Насколько Иешуа прав, мы еще задумаемся; пока же обратимся к персо­нажам, судьбы которых, как кажется, вполне подтверждают мнение бродячего философа. Центральной фигурой, конечно, является Пилат, совесть которого на время побеждена, но не уничтожена. Ощущение несвободы, внутренней раздвоенности порож­дает агрессивность, выдающую себя за пафос, то есть маскирую­щуюся под сугубую убежденность. Так, в бессильной ярости Пилат кричит, что царство истины никогда не настанет: он уже понял, что Иешуа не спасти. Точно так же критики, травящие Мастера, «говорят не то, что они хотят сказать, и... их ярость вызывается именно этим». Кстати, полубольной Мастер тоже знаком с этим состоянием: во время рассказа об аресте «в глазах его плавал и метался страх и ярость». Характерно, что люди, испытавшие подобную раздвоенность, наделены высокоразвитым интеллектом: они не могут «не ведать, что творят». Тем тяжелее драма победы (пусть временной) инстинктов над духом; ибо главный инструмент принуждения – страх. Кажется, из первостепенной важности героев романа лишь двое не боятся ничего – Маргарита и Левий Матвей.

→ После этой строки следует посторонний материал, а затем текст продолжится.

lemma continuous_on_F32_defect [continuous_intros]:
  assumes "continuous_on S f1" "continuous_on S f2" "continuous_on S f3" "continuous_on S f4"
    "continuous_on S f5"
  shows "continuous_on S (\<lambda>p. F32_defect a b c (f1 p) (f2 p) (f3 p) (f4 p) (f5 p))"
  unfolding F32_defect_def
  by (simp only: Max_insert Max_singleton finite_insert finite.emptyI insert_not_empty simp_thms)
    (intro continuous_intros assms)

lemma F32_defect_of_copy:
  assumes "inj_on f {1..5}" and edges: "\<forall>e\<in>snd F32. f ` e \<in> snd (tri_hypergraph A0 B0 C0 P \<epsilon>)"
  shows "F32_defect (dist B0 C0) (dist C0 A0) (dist A0 B0) (f 1) (f 2) (f 3) (f 4) (f 5)
    \<le> 2 * (\<epsilon> * Min {dist A0 B0, dist B0 C0, dist C0 A0})"
proof -
  have "tri_defect (dist B0 C0) (dist C0 A0) (dist A0 B0) (f i) (f j) (f k)
      \<le> 2 * (\<epsilon> * Min {dist A0 B0, dist B0 C0, dist C0 A0})"
    if "{i, j, k} \<in> snd F32" "{i, j, k} \<subseteq> {1..5}" "i \<noteq> j" "j \<noteq> k" "i \<noteq> k" for i j k :: nat
  proof (rule tri_defect_of_tri_hypergraph_edge)
    show "{f i, f j, f k} \<in> snd (tri_hypergraph A0 B0 C0 P \<epsilon>)" using edges that(1) by auto
    show "f i \<noteq> f j" "f j \<noteq> f k" "f i \<noteq> f k"
      using inj_onD[OF assms(1)] that(2-5) by blast+
  qed
  then show ?thesis by (simp add: F32_defect_def F32_def)
qed

lemma F32_defect_translate:
  "F32_defect a b c (x1 + v) (x2 + v) (x3 + v) (x4 + v) (x5 + v) = F32_defect a b c x1 x2 x3 x4 x5"
  unfolding F32_defect_def tri_defect_translate ..

lemma F32_defect_pos:
  assumes "a > 0" "b > 0" "c > 0" "\<not> sides_30_60_90 {#a, b, c#}"
  shows "F32_defect a b c x1 x2 x3 x4 x5 > 0"
proof (rule ccontr)
  assume "\<not> F32_defect a b c x1 x2 x3 x4 x5 > 0"
  then have "tri_defect a b c x1 x2 x3 \<le> 0" "tri_defect a b c x1 x4 x5 \<le> 0"
    "tri_defect a b c x2 x4 x5 \<le> 0" "tri_defect a b c x3 x4 x5 \<le> 0"
    by (simp_all add: F32_defect_def)
  then have "tri_defect a b c x1 x2 x3 = 0" "tri_defect a b c x1 x4 x5 = 0"
    "tri_defect a b c x2 x4 x5 = 0" "tri_defect a b c x3 x4 x5 = 0"
    using tri_defect_nonneg[of a b c] by (meson order.antisym)+
  from F32_configuration_30_60_90[OF assms(1-3) this[THEN tri_defect_eq_0_imp_sides]]
  show False using assms(4) by simp
qed

lemma F32_defect_lower_bound:
  assumes "a > 0" "b > 0" "c > 0" "\<not> sides_30_60_90 {#a, b, c#}"
  obtains m where "m > 0" "\<And>x1 x2 x3 x4 x5. m \<le> F32_defect a b c x1 x2 x3 x4 x5"
proof -
  define R where "R = a + b + c + 1"
  (* Translate x4 to the origin; a defect below 1 keeps the other points within R of it. *)
  define K :: "(pt \<times> pt \<times> pt \<times> pt \<times> pt) set"
    where "K = cball 0 R \<times> cball 0 R \<times> cball 0 R \<times> {0} \<times> cball 0 R"
  define \<Phi> where "\<Phi> p = F32_defect a b c (fst p) (fst (snd p)) (fst (snd (snd p)))
    (fst (snd (snd (snd p)))) (snd (snd (snd (snd p))))" for p :: "pt \<times> pt \<times> pt \<times> pt \<times> pt"
  have "compact K" unfolding K_def by (intro compact_Times compact_cball compact_sing)
  moreover have "K \<noteq> {}" using assms(1-3) by (simp add: K_def R_def)
  moreover have "continuous_on K \<Phi>"
    unfolding \<Phi>_def by (intro continuous_intros)
  ultimately obtain p0 where "p0 \<in> K" and minimal: "\<And>p. p \<in> K \<Longrightarrow> \<Phi> p0 \<le> \<Phi> p"
    using continuous_attains_inf by metis
  have "\<Phi> p0 > 0" unfolding \<Phi>_def using F32_defect_pos[OF assms] .
  show ?thesis
  proof (rule that[of "min (\<Phi> p0) 1"])
    show "min (\<Phi> p0) 1 > 0" using \<open>\<Phi> p0 > 0\<close> by simp
    fix x1 x2 x3 x4 x5
    show "min (\<Phi> p0) 1 \<le> F32_defect a b c x1 x2 x3 x4 x5"
    proof (cases "F32_defect a b c x1 x2 x3 x4 x5 \<le> 1")
      case True
      then have "tri_defect a b c x1 x4 x5 \<le> 1" "tri_defect a b c x2 x4 x5 \<le> 1"
        "tri_defect a b c x3 x4 x5 \<le> 1"
        by (simp_all add: F32_defect_def)
      then have "dist x1 x4 \<le> R" "dist x4 x5 \<le> R" "dist x2 x4 \<le> R" "dist x3 x4 \<le> R"
        using dist_le_if_tri_defect_le(1,2) assms(1-3) unfolding R_def by (meson less_imp_le)+
      then have "(x1 - x4, x2 - x4, x3 - x4, 0, x5 - x4) \<in> K"
        by (simp add: K_def dist_norm norm_minus_commute)
      then have "\<Phi> p0 \<le> \<Phi> (x1 + - x4, x2 + - x4, x3 + - x4, x4 + - x4, x5 + - x4)"
        by (intro minimal) simp
      also have "\<dots> = F32_defect a b c x1 x2 x3 x4 x5"
        unfolding \<Phi>_def fst_conv snd_conv F32_defect_translate ..
      finally show ?thesis by simp
    qed simp
  qed
qed

theorem lemma2p6:
  fixes A0 B0 C0 :: "real^2"
  assumes "is_triangle A0 B0 C0"
    and "\<not> type_90_60_30 A0 B0 C0"
  shows "forbidden_for F32 A0 B0 C0"
proof -
  define a b c where "a = dist B0 C0" and "b = dist C0 A0" and "c = dist A0 B0"
  have "A0 \<noteq> B0" "B0 \<noteq> C0" "C0 \<noteq> A0"
    using assms(1) unfolding is_triangle_def by (auto simp: insert_commute)
  then have "a > 0" "b > 0" "c > 0" by (simp_all add: a_def b_def c_def)
  moreover have "\<not> sides_30_60_90 {#a, b, c#}"
    using type_90_60_30_if_sides_30_60_90[OF \<open>A0 \<noteq> B0\<close> \<open>B0 \<noteq> C0\<close> \<open>C0 \<noteq> A0\<close>] assms(2)
    by (auto simp: a_def b_def c_def)
  ultimately obtain m where "m > 0" and lower: "\<And>x1 x2 x3 x4 x5. m \<le> F32_defect a b c x1 x2 x3 x4 x5"
    using F32_defect_lower_bound by metis
  define M where "M = Min {dist A0 B0, dist B0 C0, dist C0 A0}"
  have "M > 0" using \<open>a > 0\<close> \<open>b > 0\<close> \<open>c > 0\<close> by (simp add: M_def a_def b_def c_def)
  define \<epsilon> where "\<epsilon> = m / (4 * M)"
  have "\<epsilon> > 0" "2 * (\<epsilon> * M) < m" using \<open>m > 0\<close> \<open>M > 0\<close> by (simp_all add: \<epsilon>_def)
  have "free_of F32 (tri_hypergraph A0 B0 C0 P \<epsilon>)" for P
    unfolding free_of_def contains_copy_def
  proof clarify
    fix f assume "inj_on f (fst F32)" "\<forall>e\<in>snd F32. f ` e \<in> snd (tri_hypergraph A0 B0 C0 P \<epsilon>)"
    from F32_defect_of_copy[OF _ this(2)] this(1)
    have "F32_defect a b c (f 1) (f 2) (f 3) (f 4) (f 5) \<le> 2 * (\<epsilon> * M)"
      by (simp add: F32_def a_def b_def c_def M_def)
    then show False using lower \<open>2 * (\<epsilon> * M) < m\<close> by (meson le_less_trans not_le)
  qed
  then show ?thesis unfolding forbidden_for_def using \<open>\<epsilon> > 0\<close> by blast
qed

end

Ситуация морального компромисса весьма распространена в чело­веческой среде. Однако для Булгакова поступок, сопровождаемый внешним принуждением (страхом), в принципе простителен. Чувство страха, поборовшее человечность, впоследствии осуждается и вытесня­ется совестью. А поскольку в «Мастере и Маргарите» человеческое существование бесконечно во времени, поступок человека определяет его судьбу как до, так и после смерти. Пилат проводит в одиночестве «двенадцать тысяч лун»; Фрида – тридцать лет.

В сущности, многие эпизоды романа подтверждают тезис Иешуа о неистребимости добра в человеке. Видимо, о том же говорит Воланд во время сеанса черной магии: «Ну, легкомысленны… ну, что ж… и милосердие иногда стучится в их сердца… обыкновенные люди». И позже, после бала, Воланд вновь упоминает о милосердии: «Иногда совершенно неожиданно и коварно оно пролезает в самые узенькие щелки».

Итак, возможность искупить вину и быть прощенными открывается для многих персонажей романа. Но для всех ли? Ряд булгаковских персонажей не может быть включен в категорию «отступников»: это прежде всего Иуда и его двойник – Алоизий Могарыч. В системе евангельской морали одним из самых тяжелых считается «иудин грех» – предательство. Но для двух названных персонажей нередко применяемое к ним понятие «предатель» не подходит. То, что в обыденной жизни называется предательством, зачастую может быть сведено к отказу от убеждений вследствие трусости или каких-либо иных причин (возможна ведь и сознательная, принципиальная перемена позиции). Что касается действий Иуды и Алоизия (а также барона Майгеля), более точное название для их поступков – провокация. Предателем может стать лишь друг, единомышленник; Иуда и Могарыч с самого начала не являются, а лишь прикидываются друзьями Иешуа и Мастера. Ни к Иуде, ни к Алоизию не имеет отношения мотив трусости. Очень важно, что провокаторы – не тупые, дегенеративные автоматы, а люди умные, красивые, даже обаятельные. Так, Иуда – «горбоносый красавец»; его мертвое уже лицо «представилось смотрящему белым, как мел, и каким-то одухотворённо красивым». Про Алоизия Мастер рассказывает: «… нигде до того я не встречал и уверен, что нигде не встречу человека такого ума, каким обладал Алоизий». Эти люди полностью ответственны за свои поступки. Им также присуще чувство страха, а Иуде – даже любви, но главной движущей силой для них является алчность. Об Иуде Афраний сообщает: «У него есть одна страсть… Страсть к деньгам. У Алоизия Азазелло осведомляется: «Это вы, прочитав статью Латунского о романе этого человека, написали на него жалобу с сообщением о том, что он хранит у себя нелегальную литературу?.. Вы хотели переехать в его комнаты?». Жадность и зависть – пружины провокации.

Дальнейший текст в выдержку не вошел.